There was some actual news today in Virginia. Apparently with one of the Democrats from their evenly divided state senate away in Washington to see the inaugural, Republicans suddenly brought up and passed a mid-decade redistricting plan. In other words, a basic power grab. Unreal. If one of the states with a Republican legislature just decided to appoint Republican electors for 2016 and forget about the whole election thing, would anyone be surprised?

The good stuff today is all about the speech:

1. Irin Carmon, on going beyond inclusion.

2. This was the “inequality inaugural,” says Timothy Noah; Obama put income inequality front and center.

3. Andrew Sprung sees mainly continuity, with today’s speech continuing the main themes of Obama’s career.

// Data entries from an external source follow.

lemma proper_tree_throughI:
  assumes "S \<subseteq> VT" "subgraph VT ET V E" "connected_graph VT ET" "proper_edges c ET"
  shows "proper_tree_through V E c S"
proof -
  obtain F where F: "F \<subseteq> ET" "connected_graph VT F" "acyclic_graph F"
    using connected_graph_spanning_tree[OF assms(3)] by blast
  then have "tree_in V E VT F"
    using assms(2) unfolding tree_in_def subgraph_def connected_graph_def by blast
  moreover have "proper_edges c F"
    using assms(4) F(1) unfolding proper_edges_def by blast
  ultimately show ?thesis using assms(1) unfolding proper_tree_through_def by blast
qed

lemma proper_tree_through_subset:
  "proper_tree_through V E c S \<Longrightarrow> S' \<subseteq> S \<Longrightarrow> proper_tree_through V E c S'"
  unfolding proper_tree_through_def by blast

lemma proper_tree_through_mono:
  assumes "proper_tree_through V E c S" "V \<subseteq> V'" "E \<subseteq> E'" "\<And>e. e \<in> E \<Longrightarrow> c' e = c e"
  shows "proper_tree_through V' E' c' S"
proof -
  obtain VT ET where T: "S \<subseteq> VT" "tree_in V E VT ET" "proper_edges c ET"
    using assms(1) unfolding proper_tree_through_def by blast
  then have "ET \<subseteq> E" unfolding tree_in_def subgraph_def by blast
  then have "\<forall>e\<in>ET. c' e = c e" using assms(4) by blast
  then have "proper_edges c' ET" using T(3) unfolding proper_edges_def by simp
  moreover have "tree_in V' E' VT ET" using T(2) assms(2,3) unfolding tree_in_def subgraph_def by blast
  ultimately show ?thesis using T(1) unfolding proper_tree_through_def by blast
qed

lemma k_proper_coloring_smaller_sets:
  assumes "k_proper_coloring V E k c" "finite V" "k \<le> card V" "S \<subseteq> V" "card S \<le> k"
  shows "proper_tree_through V E c S"
proof -
  obtain S' where "S \<subseteq> S'" "S' \<subseteq> V" "card S' = k"
    using exists_subset_between_card[OF assms(2,4,5,3)] by blast
  moreover from this have "proper_tree_through V E c S'"
    using assms(1) unfolding k_proper_coloring_iff by blast
  ultimately show ?thesis using proper_tree_through_subset by blast
qed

4. “There was a time when merely stating the ideas Obama put forth would have gotten you killed.” Ta-Nehisi Coates, essential as always.

5. Jonathan Chait hears “wariness borne of harsh experience.”

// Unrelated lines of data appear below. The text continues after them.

(* Let $\varphi:Q\to Q_C$ be the homomorphism determined by $\varphi(y_i)=A_i$ for $i=1,\dots,m$. Then for every $w\in Q$, $|\varphi(w)|_{Y_C}=C\,|w|_Y$, where $|\cdot|_{Y_C}$ is the word length in $Q_C$ with respect to $Y_C$ and $|\cdot|_Y$ is the word length in $Q$ with respect to $Y$.
   Context: Let $Q$ be a finitely generated recursively presented group with presentation $\langle Y\mid\mathcal{S}\rangle$, where $Y=\{y_1,\dots,y_m\}$ is finite, $\mathcal{S}$ is a recursive set of positive words over $Y$, and the empty word is not in $\mathcal{S}$. Let $C\ge1$ be an integer. For $i=1,\dots,m$ let $Y_{C,i}=\{a_{1,i},\dots,a_{C,i}\}$, $Y_C=\bigcup_iY_{C,i}$ (all letters distinct), $A_i=a_{1,i}\cdots a_{C,i}\in F(Y_C)$. For $r=r(y_1,\dots,y_m)\in\mathcal{S}$ let $r_C=r(A_1,\dots,A_m)$, $\mathcal{S}_C=\{r_C:r\in\mathcal{S}\}$, and $Q_C=\langle Y_C\mid\mathcal{S}_C\rangle$. (The map $\varphi$ is well defined since it sends each relator $r$ to $r_C$.) *)

theory Defs
  imports Main
begin

text \<open>Words over a generating alphabet: a letter is (True, x) for x and (False, x) for x inverse.\<close>
type_synonym 'g word = "(bool \<times> 'g) list"

definition inv_word :: "'g word \<Rightarrow> 'g word" where
  "inv_word w = rev (map (\<lambda>(b, x). (\<not> b, x)) w)"

definition pos_word :: "'g list \<Rightarrow> 'g word" where
  "pos_word r = map (\<lambda>x. (True, x)) r"

text \<open>Equality in the group presented by generators and the (positive) relators R:
  the congruence on words generated by free cancellation and relators.\<close>
inductive pres_eq :: "'g list set \<Rightarrow> 'g word \<Rightarrow> 'g word \<Rightarrow> bool" for R where
  refl: "pres_eq R w w"
| sym: "pres_eq R u v \<Longrightarrow> pres_eq R v u"
| trans: "pres_eq R u v \<Longrightarrow> pres_eq R v w \<Longrightarrow> pres_eq R u w"
| cancel: "pres_eq R (u @ [(b, x), (\<not> b, x)] @ v) (u @ v)"
| rel: "r \<in> R \<Longrightarrow> pres_eq R (u @ pos_word r @ v) (u @ v)"

definition word_length :: "'g set \<Rightarrow> 'g list set \<Rightarrow> 'g word \<Rightarrow> nat" where
  "word_length Y R w = (LEAST n. \<exists>w'. set (map snd w') \<subseteq> Y \<and> length w' = n \<and> pres_eq R w w')"

text \<open>Generators y_i of Q are i < m; generators a_{j,i} of Q_C are (j,i) with j < C, i < m.\<close>
definition Y_C :: "nat \<Rightarrow> nat \<Rightarrow> (nat \<times> nat) set" where
  "Y_C C m = {..<C} \<times> {..<m}"

definition A_C :: "nat \<Rightarrow> nat \<Rightarrow> (nat \<times> nat) list" where
  "A_C C i = map (\<lambda>j. (j, i)) [0..<C]"

definition rel_C :: "nat \<Rightarrow> nat list \<Rightarrow> (nat \<times> nat) list" where
  "rel_C C r = concat (map (A_C C) r)"

definition S_C :: "nat \<Rightarrow> nat list set \<Rightarrow> (nat \<times> nat) list set" where
  "S_C C S = rel_C C ` S"

definition phi_C :: "nat \<Rightarrow> nat word \<Rightarrow> (nat \<times> nat) word" where
  "phi_C C w = concat (map (\<lambda>(b, i). if b then pos_word (A_C C i)
                                         else inv_word (pos_word (A_C C i))) w)"

end

theory Submission
  imports Defs
begin

text \<open>Both \<open>\<phi>\<close> and, for each layer \<open>j < C\<close>, the projection \<open>\<psi>\<^sub>j\<close> killing all generators
  \<open>a\<^sub>k\<^sub>,\<^sub>i\<close> with \<open>k \<noteq> j\<close> and sending \<open>a\<^sub>j\<^sub>,\<^sub>i\<close> to \<open>y\<^sub>i\<close> are substitution homomorphisms that
  map relators to relators, hence well defined on the presented groups. Since every \<open>A\<^sub>i\<close>
  contains exactly one letter of each layer, \<open>\<psi>\<^sub>j \<circ> \<phi>\<close> is the identity. A geodesic word for
  \<open>w\<close> is mapped by \<open>\<phi>\<close> to a word of length \<open>C |w|\<close>, so \<open>|\<phi>(w)| \<le> C |w|\<close>. Conversely the
  letters of a geodesic word \<open>v\<close> for \<open>\<phi>(w)\<close> are distributed among the \<open>C\<close> words \<open>\<psi>\<^sub>j(v)\<close>,
  each of which represents \<open>w\<close> and so has length at least \<open>|w|\<close>.\<close>

lemma inv_word_Nil [simp]: "inv_word [] = []"
  by (simp add: inv_word_def)

lemma inv_word_Cons [simp]: "inv_word ((b, x) # v) = inv_word v @ [(\<not> b, x)]"
  by (simp add: inv_word_def)

lemma inv_word_append [simp]: "inv_word (u @ v) = inv_word v @ inv_word u"
  by (simp add: inv_word_def)

lemma inv_word_inv_word [simp]: "inv_word (inv_word v) = v"
  by (induction v) (auto simp: inv_word_def)

lemma snd_set_inv_word [simp]: "snd ` set (inv_word v) = snd ` set v"
  by (simp add: inv_word_def image_image case_prod_unfold)

definition subst_word :: "('a \<Rightarrow> 'b word) \<Rightarrow> 'a word \<Rightarrow> 'b word" where
  "subst_word \<sigma> w = concat (map (\<lambda>(b, x). if b then \<sigma> x else inv_word (\<sigma> x)) w)"

lemma subst_word_Nil [simp]: "subst_word \<sigma> [] = []"
  by (simp add: subst_word_def)

lemma subst_word_Cons [simp]:
  "subst_word \<sigma> ((b, x) # w) = (if b then \<sigma> x else inv_word (\<sigma> x)) @ subst_word \<sigma> w"
  by (simp add: subst_word_def)

lemma subst_word_append [simp]: "subst_word \<sigma> (u @ v) = subst_word \<sigma> u @ subst_word \<sigma> v"
  by (simp add: subst_word_def)

lemma subst_word_inv_word: "subst_word \<sigma> (inv_word w) = inv_word (subst_word \<sigma> w)"
  by (induction w) auto

lemma subst_word_pos_word: "subst_word \<sigma> (pos_word r) = concat (map \<sigma> r)"
  by (induction r) (auto simp: pos_word_def)

lemma subst_word_subst_word:
  "subst_word \<sigma> (subst_word \<tau> w) = subst_word (subst_word \<sigma> \<circ> \<tau>) w"
  by (induction w) (auto simp: subst_word_inv_word)

lemma subst_word_letter: "subst_word (\<lambda>x. [(True, x)]) w = w"
  by (induction w) (auto simp: inv_word_def)

lemma snd_set_subst_word:
  "snd ` set (subst_word \<sigma> w) = (\<Union>x\<in>snd ` set w. snd ` set (\<sigma> x))"
  by (induction w) (simp_all add: subst_word_def split_def image_Un)

lemma pres_eq_append_cong:
  assumes "pres_eq R a b"
  shows "pres_eq R (u @ a @ v) (u @ b @ v)"
  using assms
proof (induction rule: pres_eq.induct)
  case (refl w)
  then show ?case by (rule pres_eq.refl)
next
  case (sym a b)
  from sym.IH show ?case by (rule pres_eq.sym)
next
  case (trans a b c)
  from trans.IH show ?case by (rule pres_eq.trans)
next
  case (cancel u' b x v')
  show ?case using pres_eq.cancel[of R "u @ u'" b x "v' @ v"] by simp
next
  case (rel r u' v')
  show ?case using pres_eq.rel[OF rel, of "u @ u'" "v' @ v"] by simp
qed

lemma pres_eq_relator: "r \<in> R \<Longrightarrow> pres_eq R (pos_word r) []"
  using pres_eq.rel[of r R "[]" "[]"] by simp

lemma pres_eq_cancel_inverse: "pres_eq R (u @ x @ inv_word x @ v) (u @ v)"
proof (induction x arbitrary: v rule: rev_induct)
  case Nil
  then show ?case by (simp add: pres_eq.refl)
next
  case (snoc a x)
  obtain b y where a: "a = (b, y)" by fastforce
  have "pres_eq R (u @ x @ [(b, y), (\<not> b, y)] @ inv_word x @ v) (u @ x @ inv_word x @ v)"
    using pres_eq.cancel[of R "u @ x" b y "inv_word x @ v"] by simp
  then have "pres_eq R (u @ (x @ [a]) @ inv_word (x @ [a]) @ v) (u @ x @ inv_word x @ v)"
    by (simp add: a inv_word_def)
  then show ?case using snoc.IH by (rule pres_eq.trans)
qed

lemma pres_eq_subst_word:
  assumes relators: "\<And>r. r \<in> R \<Longrightarrow> pres_eq R' (subst_word \<sigma> (pos_word r)) []"
    and "pres_eq R u v"
  shows "pres_eq R' (subst_word \<sigma> u) (subst_word \<sigma> v)"
  using assms(2)
proof (induction rule: pres_eq.induct)
  case (refl w)
  then show ?case by (rule pres_eq.refl)
next
  case (sym a b)
  from sym.IH show ?case by (rule pres_eq.sym)
next
  case (trans a b c)
  from trans.IH show ?case by (rule pres_eq.trans)
next
  case (cancel u b x v)
  show ?case
    using pres_eq_cancel_inverse[of R' "subst_word \<sigma> u" "\<sigma> x" "subst_word \<sigma> v"]
      pres_eq_cancel_inverse[of R' "subst_word \<sigma> u" "inv_word (\<sigma> x)" "subst_word \<sigma> v"]
    by auto
next
  case (rel r u v)
  show ?case
    using pres_eq_append_cong[OF relators[OF rel], of "subst_word \<sigma> u" "subst_word \<sigma> v"]
    by simp
qed

lemma word_length_le:
  assumes "set (map snd w') \<subseteq> Y" and "pres_eq R w w'"
  shows "word_length Y R w \<le> length w'"
  unfolding word_length_def using assms by (intro Least_le) blast

lemma word_length_geodesic:
  assumes "set (map snd w) \<subseteq> Y"
  obtains w' where "set (map snd w') \<subseteq> Y" and "length w' = word_length Y R w"
    and "pres_eq R w w'"
proof -
  let ?P = "\<lambda>n. \<exists>w'. set (map snd w') \<subseteq> Y \<and> length w' = n \<and> pres_eq R w w'"
  have "?P (length w)" using assms pres_eq.refl by blast
  then have "?P (Least ?P)" by (rule LeastI)
  then show ?thesis using that by (auto simp: word_length_def)
qed

lemma phi_C_eq_subst_word: "phi_C C = subst_word (\<lambda>i. pos_word (A_C C i))"
  by (simp add: phi_C_def subst_word_def fun_eq_iff)

lemma phi_C_pos_word: "phi_C C (pos_word r) = pos_word (rel_C C r)"
  by (induction r) (auto simp: phi_C_eq_subst_word pos_word_def rel_C_def)

lemma length_phi_C: "length (phi_C C w) = C * length w"
  by (induction w) (auto simp: phi_C_eq_subst_word pos_word_def A_C_def inv_word_def)

lemma set_map_snd_phi_C:
  "set (map snd w) \<subseteq> {..<m} \<Longrightarrow> set (map snd (phi_C C w)) \<subseteq> Y_C C m"
  by (auto simp: phi_C_eq_subst_word snd_set_subst_word pos_word_def A_C_def Y_C_def
      image_image)

lemma pres_eq_phi_C:
  assumes "pres_eq S u v"
  shows "pres_eq (S_C C S) (phi_C C u) (phi_C C v)"
proof -
  have "pres_eq (S_C C S) (phi_C C (pos_word r)) []" if "r \<in> S" for r
    using that by (auto simp: phi_C_pos_word S_C_def intro: pres_eq_relator)
  with assms show ?thesis unfolding phi_C_eq_subst_word by (blast intro: pres_eq_subst_word)
qed

definition layer_proj :: "nat \<Rightarrow> (nat \<times> nat) word \<Rightarrow> nat word" where
  "layer_proj j = subst_word (\<lambda>(k, i). if k = j then [(True, i)] else [])"

lemma concat_map_upt_if_eq:
  "j < n \<Longrightarrow> concat (map (\<lambda>k. if k = j then xs else []) [0..<n]) = xs"
  by (induction n) (auto simp: less_Suc_eq)

lemma layer_proj_phi_C: "j < C \<Longrightarrow> layer_proj j (phi_C C w) = w"
  by (simp add: layer_proj_def phi_C_eq_subst_word subst_word_subst_word o_def
      subst_word_pos_word A_C_def concat_map_upt_if_eq subst_word_letter)

lemma pres_eq_layer_proj:
  assumes "j < C" and "pres_eq (S_C C S) u v"
  shows "pres_eq S (layer_proj j u) (layer_proj j v)"
proof -
  have "pres_eq S (layer_proj j (pos_word r')) []" if "r' \<in> S_C C S" for r'
    using that assms(1)
    by (auto simp: S_C_def layer_proj_phi_C intro: pres_eq_relator simp flip: phi_C_pos_word)
  with assms(2) show ?thesis unfolding layer_proj_def by (blast intro: pres_eq_subst_word)
qed

lemma set_map_snd_layer_proj:
  "set (map snd v) \<subseteq> Y_C C m \<Longrightarrow> set (map snd (layer_proj j v)) \<subseteq> {..<m}"
  by (auto simp: layer_proj_def snd_set_subst_word Y_C_def split: if_splits)

lemma sum_length_layer_proj:
  assumes "set (map snd v) \<subseteq> Y_C C m"
  shows "(\<Sum>j<C. length (layer_proj j v)) = length v"
  using assms
proof (induction v)
  case Nil
  then show ?case by (simp add: layer_proj_def)
next
  case (Cons a v)
  obtain b k i where a: "a = (b, (k, i))" by (metis prod.exhaust)
  have k: "k < C" using Cons.prems a by (auto simp: Y_C_def)
  have "(\<Sum>j<C. length (layer_proj j (a # v)))
      = (\<Sum>j<C. (if j = k then 1 else 0) + length (layer_proj j v))"
    by (rule sum.cong) (auto simp: a layer_proj_def)
  also have "\<dots> = 1 + (\<Sum>j<C. length (layer_proj j v))"
    using k by (simp add: sum.distrib)
  finally show ?case using Cons by simp
qed

lemma word_length_phi_C_le:
  assumes "set (map snd w) \<subseteq> {..<m}"
  shows "word_length (Y_C C m) (S_C C S) (phi_C C w) \<le> C * word_length {..<m} S w"
proof -
  obtain w' where w': "set (map snd w') \<subseteq> {..<m}" "length w' = word_length {..<m} S w"
    "pres_eq S w w'"
    using word_length_geodesic[OF assms] .
  have "word_length (Y_C C m) (S_C C S) (phi_C C w) \<le> length (phi_C C w')"
    using set_map_snd_phi_C[OF w'(1)] pres_eq_phi_C[OF w'(3)] by (rule word_length_le)
  then show ?thesis using w'(2) by (simp add: length_phi_C)
qed

lemma word_length_phi_C_ge:
  assumes "set (map snd w) \<subseteq> {..<m}"
  shows "C * word_length {..<m} S w \<le> word_length (Y_C C m) (S_C C S) (phi_C C w)"
proof -
  obtain v where v: "set (map snd v) \<subseteq> Y_C C m"
    "length v = word_length (Y_C C m) (S_C C S) (phi_C C w)"
    "pres_eq (S_C C S) (phi_C C w) v"
    using word_length_geodesic[OF set_map_snd_phi_C[OF assms]] .
  have "word_length {..<m} S w \<le> length (layer_proj j v)" if "j < C" for j
  proof -
    have "pres_eq S w (layer_proj j v)"
      using pres_eq_layer_proj[OF that v(3)] by (simp add: layer_proj_phi_C[OF that])
    with set_map_snd_layer_proj[OF v(1)] show ?thesis by (rule word_length_le)
  qed
  then have "C * word_length {..<m} S w \<le> (\<Sum>j<C. length (layer_proj j v))"
    using sum_mono[of "{..<C}" "\<lambda>_. word_length {..<m} S w"] by simp
  then show ?thesis using sum_length_layer_proj[OF v(1)] v(2) by simp
qed

theorem lemma3p4:
  fixes m C :: nat and S :: "nat list set" and w :: "nat word"
  assumes "C \<ge> 1"
    and "\<forall>r\<in>S. set r \<subseteq> {..<m}"
    and "[] \<notin> S"
    and "set (map snd w) \<subseteq> {..<m}"
  shows "word_length (Y_C C m) (S_C C S) (phi_C C w) = C * word_length {..<m} S w"
  using word_length_phi_C_le[OF assms(4)] word_length_phi_C_ge[OF assms(4)] by (rule antisym)

end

6. Did Obama’s speech give liberals some leverage? Digby argues it did.

7. James Fallows: “This was the most sustainedly ‘progressive’ statement Barack Obama has made in his decade on the national stage.”

8. I’m always interested in what Alex Massie notices in American political rhetoric; he found the writing lacking but makes the “liberal Reagan” comparison.

9. Ezra Klein thinks the speech showed how much Obama has changed in four years.

10. Matt Yglesias notes Obama’s “twofold case for the welfare state” — that it’s not only the right thing to care for the needy but also good economics to do so.

11. Don’t miss Andrew Sullivan’s reaction.

12. Brian Beutler focused on Obama’s “spirit of muscular liberalism.”

13. Francis Wilkinson argues that it was a “pretty remarkable document of Obama’s moral vision.”

14, Meanwhile, Atrios calls it a “good start.”

15. And E.J. Dionne says Obama was “unapologetic in offering an argument for his philosophical commitments and an explanation of the policies that naturally followed.”